Новый пенсионный устав действительно наносит сильный удар университетам. Многим из нынешних профессоров остается недолго дослужить до двадцатипятилетнего срока. По истечении его они оставят университет, а между тем они люди испытанной опытности, знания и способностей. При прежнем пенсионном уставе они могли бы с честью служить государству еще лет десять и подготовить себе достойных преемников. Теперь же люди способные, даже из молодых, предпочитают идти по другим служебным путям, видя, как неутешительна будущность ученой службы.

В городе ужасно лгут и сплетничают. Например уверяют, будто с 6 декабря всех гражданских чиновников оденут в какие-то форменные сюртуки вроде военных и в каски; что в Персии и Константинополе чума, которая и нам угрожает, и т. д. и т. д. Замечательно только, что ложь все останавливается только на дурном и не сулит ничего хорошего.


8 декабря 1852 года

Каски действительно даны, но только военным лакеям, вследствие чего простой народ принимает стоящих на запятках слуг за офицеров. Я сам недавно слышал, как один мужичок говорил другому:

— Смотри-ка, смотри, вон офицер сидит на козлах возле кучера.


10 декабря 1852 года

Сегодня был у меня приехавший три дня тому назад курьер наш из Персии, служивший там драгоманом, Мошнин. Он говорит, что в Персии вовсе нет чумы, что и холера там сильно косила только в одной области. Зато он сообщил мне другую печальную новость: брат его, отличный молодой человек, лет восемь тому назад кончивший у меня курс первым кандидатом, вчера утопился. Он бросился в прорубь у Минеральных вод.
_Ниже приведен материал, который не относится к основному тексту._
(* Let $D\subseteq\mathbb{R}^{p+2}$ be a domain invariant under $(\mathbf{x}_p,r)\mapsto(\mathbf{x}_p,-r)$ and let $f(\mathbf{x})=F_1(\mathbf{x}')+\underline{\omega}F_2(\mathbf{x}')$ be a generalized partial-slice function on $\Omega_D$ induced by a $C^1$ stem function, with $f\in C^1(\Omega_D,\mathbb{A})$. Then $f$ is monogenic on $\Omega_D$ (i.e. $D_{\mathbf{x}}f=0$) if and only if $$D_{\mathbf{x}_p}F_1(\mathbf{x}')-\partial_rF_2(\mathbf{x}')=\frac{q-1}{r}F_2(\mathbf{x}'),\qquad \overline{D}_{\mathbf{x}_p}F_2(\mathbf{x}')+\partial_rF_1(\mathbf{x}')=0,\qquad \mathbf{x}'=(\mathbf{x}_p,r)\in D,\ r\neq0.$$
   Context: Let $\mathbb{A}$ be a real alternative algebra (the associator $[a,b,c]=(ab)c-a(bc)$ is an alternating trilinear function) with unity $1$, of finite real dimension $d>1$, equipped with an anti-involution $a\mapsto a^c$ (real linear, $a^c=a$ for real $a$, $(a^c)^c=a$, $(ab)^c=b^ca^c$). Let $t(x)=x+x^c$, $n(x)=xx^c$, $\mathbb{S}_{\mathbb{A}}=\{x: t(x)=0,\ n(x)=1\}$ (assumed nonempty) and $Q_{\mathbb{A}}=\mathbb{R}\cup\{x: t(x)\in\mathbb{R},\ n(x)\in\mathbb{R},\ 4n(x)>t(x)^2\}$. Let $M$ be a real subspace with $\mathbb{R}\subsetneq M\subseteq Q_{\mathbb{A}}$ having a basis $(v_0,\dots,v_m)$, $m\ge1$, $v_0=1$, $v_s\in\mathbb{S}_{\mathbb{A}}$, $v_sv_t=-v_tv_s$ for distinct $s,t\ge1$; complete it to a basis of $\mathbb{A}$ with associated Euclidean norm. Identify $x=\sum x_sv_s\in M$ with $(x_0,\dots,x_m)\in\mathbb{R}^{m+1}$; differentiate componentwise. Fix $p\in\{0,\dots,m-1\}$, $q=m-p$; $\mathbf{x}=\mathbf{x}_p+\underline{\mathbf{x}}_q$ with $\mathbf{x}_p=\sum_{s=0}^px_sv_s\in\mathbb{R}^{p+1}$, $\underline{\mathbf{x}}_q=\sum_{s=p+1}^m x_sv_s$; $\mathbb{S}=\{\sum_{s=p+1}^m x_sv_s:\sum x_s^2=1\}$; $\underline{\mathbf{x}}_q=r\underline{\omega}$, $r=|\underline{\mathbf{x}}_q|$; $\mathbf{x}'=(\mathbf{x}_p,r)$. $D_{\mathbf{x}_p}f=\sum_{s=0}^p v_s\partial_{x_s}f$, $\overline{D}_{\mathbf{x}_p}f=\partial_{x_0}f-\sum_{s=1}^pv_s\partial_{x_s}f$, $D_{\mathbf{x}}f=\sum_{s=0}^mv_s\partial_{x_s}f$. $\Omega_D=\{\mathbf{x}_p+r\underline{\omega}:(\mathbf{x}_p,r)\in D,\ r\ge0,\ \underline{\omega}\in\mathbb{S}\}$. A stem function $(F_1,F_2):D\to\mathbb{A}^2$ has $F_1$ even and $F_2$ odd in $r$ and induces the generalized partial-slice function $f(\mathbf{x}_p+r\underline{\omega})=F_1(\mathbf{x}')+\underline{\omega}F_2(\mathbf{x}')$. *)

theory Defs
  imports "HOL-Analysis.Analysis"
begin

text \<open>The algebra A is modelled as a finite-dimensional Euclidean space 'a with an explicit
 bilinear multiplication mul, unit e and anti-involution cj.  Real numbers are the
 multiples c *R e of the unit.\<close>

definition assoc3 :: "('a::real_vector \<Rightarrow> 'a \<Rightarrow> 'a) \<Rightarrow> 'a \<Rightarrow> 'a \<Rightarrow> 'a \<Rightarrow> 'a" where
  "assoc3 mul a b c = mul (mul a b) c - mul a (mul b c)"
Молодой Мошнин часто бывал у меня. Месяца два тому назад он начал писать ко мне странные письма почти каждый день, в которых с пафосом рассуждал о великих судьбах России, о Пушкине, об истории, о религии, о назначении женщины. Письма эти обнаруживали очевидно расстройство ума. Ко мне приходила сестра молодого человека, в слезах, и просила моего совета. Я был у них и нашел дела хуже, чем ожидал. Я посоветовал его домашним обратиться к врачу, а пока не очень противоречить больному. Между прочим мне объяснили, что причиной всему отвергнутая любовь: Мошнин хотел жениться на одной девушке, но ему отказали. Он страшно тосковал. Накануне своей смерти он жаловался брату на упадок умственных сил, горько плакал, а теперь вот чем кончил. Брат был на месте самоубийства. Тело несчастного молодого человека найдено.


14 декабря 1852 года

Обедал у Панаева и не скажу, чтобы остался доволен проведенным там временем. Там были: Логинов, автор замечательных по форме, но отвратительных по цинизму стихотворений, Дружинин, Некрасов, Гаевский Виктор Павлович и т. д. После обеда завели самые скоромные разговоры и читали некоторые из «Парголовских элегий» во вкусе Баркова. Авторы их превзошли самих себя по цинизму образов в прекрасных стихах. Вот где теперь надо искать русскую поэзию! Неужели это весело, господа?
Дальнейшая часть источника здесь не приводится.